It's always very strange to know where you are is exactly where people from Biblical times or history books or legends were.
Here.
It was here.
Along the way I'll be taking my research seriously.
Wonderful.
(SPEAKS GREEK) I shall ignore health and safety at my peril.
They don't suddenly just go, "blip", like that, do they? Sometimes.
Oh, well And we'll meet a Greek shipping magnate in a journey to find out how one of the world's greatest maritime nations has influenced so much of what we take for granted today.
The island of Spetses is half a day by sea from Athens.
One of Greece's famous shipping magnates has flown us at his expense to his luxury yacht so that I may talk to him about what it is to be a Greek islander and seafarer.
When you come to Greece and you're told you're gonna meet a Greek shipping magnate, you kind of hope that the boat will look like this.
(BLOWS) Fabulous.
Welcome.
Joanna Lumley, Captain Sarcos.
Captain Sarcos, how lovely to meet you.
Lovely to have you on board.
Captain Sarcos is a self-made man with the sea in his blood.

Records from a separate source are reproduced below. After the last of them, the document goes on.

(* Let $\mathcal H$ be a well-structured preconditioner set and $M\in\mathcal S^d_{++}$. Then $\langle M,H\rangle=\langle P_{\mathcal H}(M)^2,H\rangle$ for every $H\in\mathcal H$, and $P_{\mathcal H}(M+\lambda I_d)^2=P_{\mathcal H}(M)^2+\lambda I_d$ for every $\lambda\ge0$.
   Context: $\mathcal S^d_+$ (resp. $\mathcal S^d_{++}$) denotes the set of real symmetric positive semidefinite (resp. positive definite) $d\times d$ matrices; $\langle A,B\rangle=\operatorname{Tr}(A^\top B)$. A set $\mathcal H\subseteq\mathcal S_+^d$ is a well-structured preconditioner set if $\mathcal H=\mathcal S_+^d\cap\mathcal K$ for some set $\mathcal K$ of real $d\times d$ matrices that is closed under scalar multiplication, matrix addition and matrix multiplication and contains the identity $I_d$. For $M\in\mathcal S^d_{++}$, $P_{\mathcal H}(M):=\arg\min_{H\in\mathcal H\cap\mathcal S^d_{++}}\langle M,H^{-1}\rangle+\operatorname{Tr}(H)$ (the minimizer exists and is unique). *)

theory Defs
  imports "HOL-Analysis.Analysis"
begin

definition psd_mat :: "real^'n^'n \<Rightarrow> bool" where
  "psd_mat A \<longleftrightarrow> transpose A = A \<and> (\<forall>x. 0 \<le> x \<bullet> (A *v x))"

definition pd_mat :: "real^'n^'n \<Rightarrow> bool" where
  "pd_mat A \<longleftrightarrow> transpose A = A \<and> (\<forall>x. x \<noteq> 0 \<longrightarrow> 0 < x \<bullet> (A *v x))"

definition frob :: "real^'n^'n \<Rightarrow> real^'n^'n \<Rightarrow> real" where
  "frob A B = trace (transpose A ** B)"

definition well_structured :: "(real^'n^'n) set \<Rightarrow> bool" where
  "well_structured \<H> \<longleftrightarrow>
     (\<exists>K :: (real^'n^'n) set.
        (\<forall>c A. A \<in> K \<longrightarrow> c *\<^sub>R A \<in> K) \<and>
        (\<forall>A\<in>K. \<forall>B\<in>K. A + B \<in> K) \<and>
        (\<forall>A\<in>K. \<forall>B\<in>K. A ** B \<in> K) \<and>
        mat 1 \<in> K \<and>
        \<H> = {A. psd_mat A} \<inter> K)"

definition precond_obj :: "real^'n^'n \<Rightarrow> real^'n^'n \<Rightarrow> real" where
  "precond_obj M H = frob M (matrix_inv H) + trace H"

definition P_H :: "(real^'n^'n) set \<Rightarrow> real^'n^'n \<Rightarrow> real^'n^'n" where
  "P_H \<H> M = (THE H. H \<in> \<H> \<and> pd_mat H \<and>
      (\<forall>G\<in>\<H>. pd_mat G \<longrightarrow> precond_obj M H \<le> precond_obj M G))"

end

theory Submission
  imports Defs
begin

text \<open>
  Let \<open>K\<close> be the matrix algebra with \<open>\<H> = S\<^sub>+ \<inter> K\<close> and \<open>f H = \<langle>M, H\<inverse>\<rangle> + tr H\<close>.
  On \<open>K \<inter> S\<^sub>+\<^sub>+\<close> the objective dominates both \<open>tr H\<close> and \<open>\<lambda>\<^sub>m\<^sub>i\<^sub>n(M) tr H\<inverse>\<close>, so its sublevel
  sets are compact and it attains its minimum at some \<open>P\<close>. Perturbing \<open>P\<close> to \<open>P + t G\<close> along
  symmetric \<open>G \<in> K\<close> gives the first-order condition \<open>tr G = \<langle>M, P\<inverse> G P\<inverse>\<rangle>\<close>; since \<open>K\<close> is an
  algebra we may take \<open>G = P X P\<close>, which turns it into \<open>\<langle>M, X\<rangle> = \<langle>P\<^sup>2, X\<rangle>\<close> for all symmetric
  \<open>X \<in> K\<close>. Conversely this condition characterises the minimiser: \<open>K\<close> is closed under inversion,
  so the condition applies to \<open>X = H\<inverse>\<close>, and it gives \<open>f H - f P = tr (Y\<^sup>T H Y) \<ge> 0\<close> for
  \<open>Y = H\<inverse> P - 1\<close>, with equality only if \<open>H = P\<close>.

  Every \<open>H \<in> \<H>\<close> is a symmetric element of \<open>K\<close>. For \<open>R = P\<^sub>\<H>(M + \<lambda> 1)\<close> the
  symmetric element \<open>X = R\<^sup>2 - P\<^sup>2 - \<lambda> 1\<close> of \<open>K\<close> is orthogonal to every symmetric element of \<open>K\<close>,
  in particular to itself, so \<open>X = 0\<close>.
\<close>

section \<open>Matrix arithmetic\<close>

lemma matrix_add_rdistrib: "(A + B) ** C = A ** C + B ** C"
  by (simp add: matrix_matrix_mult_def vec_eq_iff sum.distrib distrib_right)

lemma matrix_diff_ldistrib: "(A :: 'a::ring_1^'n^'m) ** (B - C) = A ** B - A ** C"
  by (simp add: matrix_matrix_mult_def vec_eq_iff sum_subtractf right_diff_distrib)

lemma matrix_diff_rdistrib: "((A :: 'a::ring_1^'n^'m) - B) ** C = A ** C - B ** C"
  by (simp add: matrix_matrix_mult_def vec_eq_iff sum_subtractf left_diff_distrib)

lemma matrix_mult_scaleR_left: "(c *\<^sub>R (A :: real^'n^'m)) ** B = c *\<^sub>R (A ** B)"
  by (simp add: scalar_matrix_assoc)

lemma matrix_mult_scaleR_right: "(A :: real^'n^'m) ** (c *\<^sub>R B) = c *\<^sub>R (A ** B)"
  by (simp add: matrix_scalar_ac scalar_matrix_assoc)

lemma transpose_add: "transpose (A + B) = transpose A + transpose B"
  by (simp add: transpose_def vec_eq_iff)

lemma transpose_zero: "transpose 0 = 0"
  by (simp add: transpose_def vec_eq_iff)

lemma transpose_diff: "transpose ((A :: 'a::ab_group_add^'n^'m) - B) = transpose A - transpose B"
  by (simp add: transpose_def vec_eq_iff)

lemma trace_scaleR: "trace (c *\<^sub>R (A :: real^'n^'n)) = c * trace A"
  by (simp add: trace_def sum_distrib_left)

lemma inner_matrix_vector_transpose: "(x::real^'n) \<bullet> (A *v y) = (transpose A *v x) \<bullet> y"
  by (metis dot_lmul_matrix transpose_matrix_vector)

lemma matrix_entry_eq_inner: "(A :: real^'n^'m) $ i $ j = axis i 1 \<bullet> (A *v axis j 1)"
  by (simp add: matrix_vector_mult_basis inner_axis' column_def)

lemma trace_transpose_mult_eq_sum_columns:
  "trace (transpose (Y :: real^'n^'m) ** (H ** Y)) = (\<Sum>j\<in>UNIV. column j Y \<bullet> (H *v column j Y))"
  unfolding trace_def matrix_matrix_mult_def transpose_def column_def inner_vec_def matrix_vector_mult_def
  by (simp add: sum_distrib_left mult_ac)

(HOOTER BLASTS) His family started as maritime traders and over the centuries they've conquered the world's shipping routes.
Despite Greece's economic woes, he still finds time to be on board his beautifully built ketch, the Christianne B which he bought from the Bulgari family.
The success of Captain Sarcos's family and others like him was born from necessity.
Centuries ago, island life was poor and it was difficult to eke out a living so they took to the sea to seek their fortunes.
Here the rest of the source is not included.